Luca Ercolani (born 25 November 1999) is an Italian professional footballer who plays as a centre-back for  club Fidelis Andria.

Club career

Manchester United
Having previously been a gymnast in his early years, Ercolani soon turned his attentions to football. He started his youth career with USD Classe, before moving to Ravenna until 2012. After a stint with Rimini, Ercolani moved to Forlì. He was later signed on loan by Cesena, though I Bianconeri would choose not to sign the player. In July 2016, having been scouted by David Williams a year prior, Ercolani completed a transfer to Premier League club Manchester United. He remained with the English club until the start of 2021, appearing at U18, U19, U21 and U23 level; notably featuring in the EFL Trophy and UEFA Youth League. Ercolani did train with the first-team squad on numerous occasions under both José Mourinho and Ole Gunnar Solskjær.

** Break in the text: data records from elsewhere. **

(* Let $(\Omega,\mathscr{F},\mu)$ be a complete probability space, $K\subset L^{0}(\mu)$ absolutely convex, closed in probability and bounded in probability, and $E_K=\mathrm{span}(K)$. Let $\tau$ be a locally convex equicontinuous Köthe topology on $E_K$ with the Krein-Šmulian property which is $F$-regular. Then for every $g\in F$ the set $\{fg:f\in K\}$ is uniformly $\mu$-integrable.
   Context: $L^{0}(\mu)$ carries the topology of convergence in probability. The polar of $C\subset L^{0}(\mu)$ is $C^{\circ}=\{g\in L^{0}(\mu):\sup_{f\in C}\int_\Omega|fg|\,d\mu\leq1\}$; set $E'_K=\mathrm{span}(K^{\circ})$, paired with $E_K$ via $\langle f,g\rangle=\int_\Omega fg\,d\mu$; for $F\subset E'_K$, $\sigma(E_K,F)$ is the associated weak topology on $E_K$. A set is $K$-bounded if it lies in $\lambda K$ for some $\lambda>0$. A topology $\tau$ on $E_K$ is an equicontinuous Köthe topology if $K$ is $\tau$-compact and $\tau$ restricted to $K$-bounded sets equals $\sigma(E_K,F)$ for some $F\subset E'_K$ that is solid, separates the points of $E_K$, and contains a strictly positive element; $F$ is then said to induce $\tau$. Such $\tau$ has the Krein-Šmulian property if a convex set $C\subset E_K$ is $\tau$-closed iff $C\cap\lambda K$ is $\tau$-closed for each $\lambda>0$. Under the Krein-Šmulian property, each $g\in F$ gives a $\tau$-continuous functional $f\mapsto\int_\Omega fg\,d\mu$, yielding a natural map $F\to(E_K,\tau)^{\ast}$; $\tau$ is $F$-regular if $F$ induces $\tau$ and this map is surjective. *)

theory Defs
  imports "HOL-Probability.Probability"
begin

text \<open>Elements of L0(mu) are represented by real-valued measurable functions; sets of
  L0-elements are represented by sets of representatives that are saturated under
  a.e. equality, topologies on subsets of L0 by topologies whose open sets are saturated.\<close>

definition ae_saturated :: "'a measure \<Rightarrow> ('a \<Rightarrow> real) set \<Rightarrow> bool" where
  "ae_saturated M S \<longleftrightarrow> S \<subseteq> borel_measurable M \<and>
     (\<forall>f\<in>S. \<forall>h\<in>borel_measurable M. (AE x in M. h x = f x) \<longrightarrow> h \<in> S)"

definition lin_span :: "('a \<Rightarrow> real) set \<Rightarrow> ('a \<Rightarrow> real) set" where
  "lin_span S = {f. \<exists>(I::nat set) c v. finite I \<and> v ` I \<subseteq> S \<and> f = (\<lambda>x. \<Sum>i\<in>I. c i * v i x)}"

definition L0_span :: "'a measure \<Rightarrow> ('a \<Rightarrow> real) set \<Rightarrow> ('a \<Rightarrow> real) set" where
  "L0_span M S = {h \<in> borel_measurable M. \<exists>f\<in>lin_span S. AE x in M. h x = f x}"

definition E_K :: "'a measure \<Rightarrow> ('a \<Rightarrow> real) set \<Rightarrow> ('a \<Rightarrow> real) set" where
  "E_K M K = L0_span M K"

definition polar :: "'a measure \<Rightarrow> ('a \<Rightarrow> real) set \<Rightarrow> ('a \<Rightarrow> real) set" where
  "polar M C = {g \<in> borel_measurable M. \<forall>f\<in>C. (\<integral>\<^sup>+x. ennreal \<bar>f x * g x\<bar> \<partial>M) \<le> 1}"
lemma inv2_eq: "inv2 = {(\<lambda>i j. t * wedge2 (ebas I1) (ebas I2) i j) | t. True}"
proof (intro set_eqI iffI)
  fix r assume "r \<in> inv2"
  then have "alt2 r" and act: "\<And>v. delta r v = (\<lambda>i j. 0)" by (auto simp: inv2_def delta_def)
  then obtain y1 y2 y3 y4 y5 y6 where r: "r = rm y1 y2 y3 y4 y5 y6" using alt2_iff_rm by blast
  have "delta r (ebas I4) = rm 0 0 0 0 0 0" "delta r (ebas I3) = rm 0 0 0 0 0 0"
    by (simp_all add: act rm_zero)
  then have "r = rm y1 0 0 0 0 0" unfolding r delta_rm ebas_vec4 by simp
  then show "r \<in> {(\<lambda>i j. t * wedge2 (ebas I1) (ebas I2) i j) | t. True}" by (auto simp: rm_def)
next
  fix r assume "r \<in> {(\<lambda>i j. t * wedge2 (ebas I1) (ebas I2) i j) | t. True}"
  then obtain t where r: "r = rm t 0 0 0 0 0" by (auto simp: rm_def)
  show "r \<in> inv2"
    using delta_rm[of t 0 0 0 0 0] unfolding r by (simp add: inv2_def alt2_rm delta_def rm_zero fun_eq_iff)
qed

lemma Ymat_eq_CYBE_sols: "Ymat = CYBE_sols"
  unfolding Ymat_def CYBE_sols_def inv3_eq_zero by simp

lemma schouten_rm_eq_zero_iff:
  "schouten2 (rm x1 x2 x3 x4 x5 x6) (rm x1 x2 x3 x4 x5 x6) = (\<lambda>i j k. 0) \<longleftrightarrow>
   x5 = 0 \<and> x3 * x4 = 0 \<and> x3 * x6 = 0"
  unfolding schouten_rm rm3_eq_zero_iff by auto

lemma Ymat_eq: "Ymat = {rm x1 x2 x3 x4 x5 x6 | x1 x2 x3 x4 x5 x6. x5 = 0 \<and> x3 * x4 = 0 \<and> x3 * x6 = 0}"
  unfolding Ymat_eq_CYBE_sols CYBE_sols_def alt2_iff_rm by (auto simp: schouten_rm_eq_zero_iff)

lemma rm_in_Ymat_iff: "rm x1 x2 x3 x4 x5 x6 \<in> Ymat \<longleftrightarrow> x5 = 0 \<and> x3 * x4 = 0 \<and> x3 * x6 = 0"
  unfolding Ymat_eq by auto

section \<open>Automorphisms\<close>

definition aut :: "real \<Rightarrow> real \<Rightarrow> real \<Rightarrow> real \<Rightarrow> real \<Rightarrow> real \<Rightarrow> vec \<Rightarrow> vec" where
  "aut a b c d f g v =
     vec4 (a * v I1 + b * v I2 + d * v I4) (a * v I2 + f * v I4) (c * v I3 + g * v I4) (v I4)"

definition aut_inv :: "real \<Rightarrow> real \<Rightarrow> real \<Rightarrow> real \<Rightarrow> real \<Rightarrow> real \<Rightarrow> vec \<Rightarrow> vec" where
  "aut_inv a b c d f g v =
     vec4 ((v I1 - b * ((v I2 - f * v I4) / a) - d * v I4) / a) ((v I2 - f * v I4) / a)
          ((v I3 - g * v I4) / c) (v I4)"

lemma aut_ebas:
  "aut a b c d f g (ebas I1) = vec4 a 0 0 0" "aut a b c d f g (ebas I2) = vec4 b a 0 0"
  "aut a b c d f g (ebas I3) = vec4 0 0 c 0" "aut a b c d f g (ebas I4) = vec4 d f g 1"
  by (simp_all add: aut_def ebas_vec4)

During the 2019–20 season, having spent time out with an injury, Ercolani - on the advice of some of the club's coaches - completed his UEFA B coaching qualification.

Carpi
On 8 January 2021, having previously extended his Manchester United contract until June 2021 in May 2020, Ercolani returned to Italy with Serie C side Carpi; penning terms until June 2022. He made his senior debut on 20 January during an away match against Matelica, as he featured for the full duration of a 1–0 loss at Stadio Helvia Recina. Further appearances arrived that month versus Sambenedettese and Feralpisalò. Ercolani was sent off for the first time in senior football on 7 February against Imolese. Following the 2020–21 season, Carpi was excluded from the Italian leagues due to debts, making him a free agent.

Catania
On 13 August 2021, he signed a contract with Catania for the term of one season with an optional second year.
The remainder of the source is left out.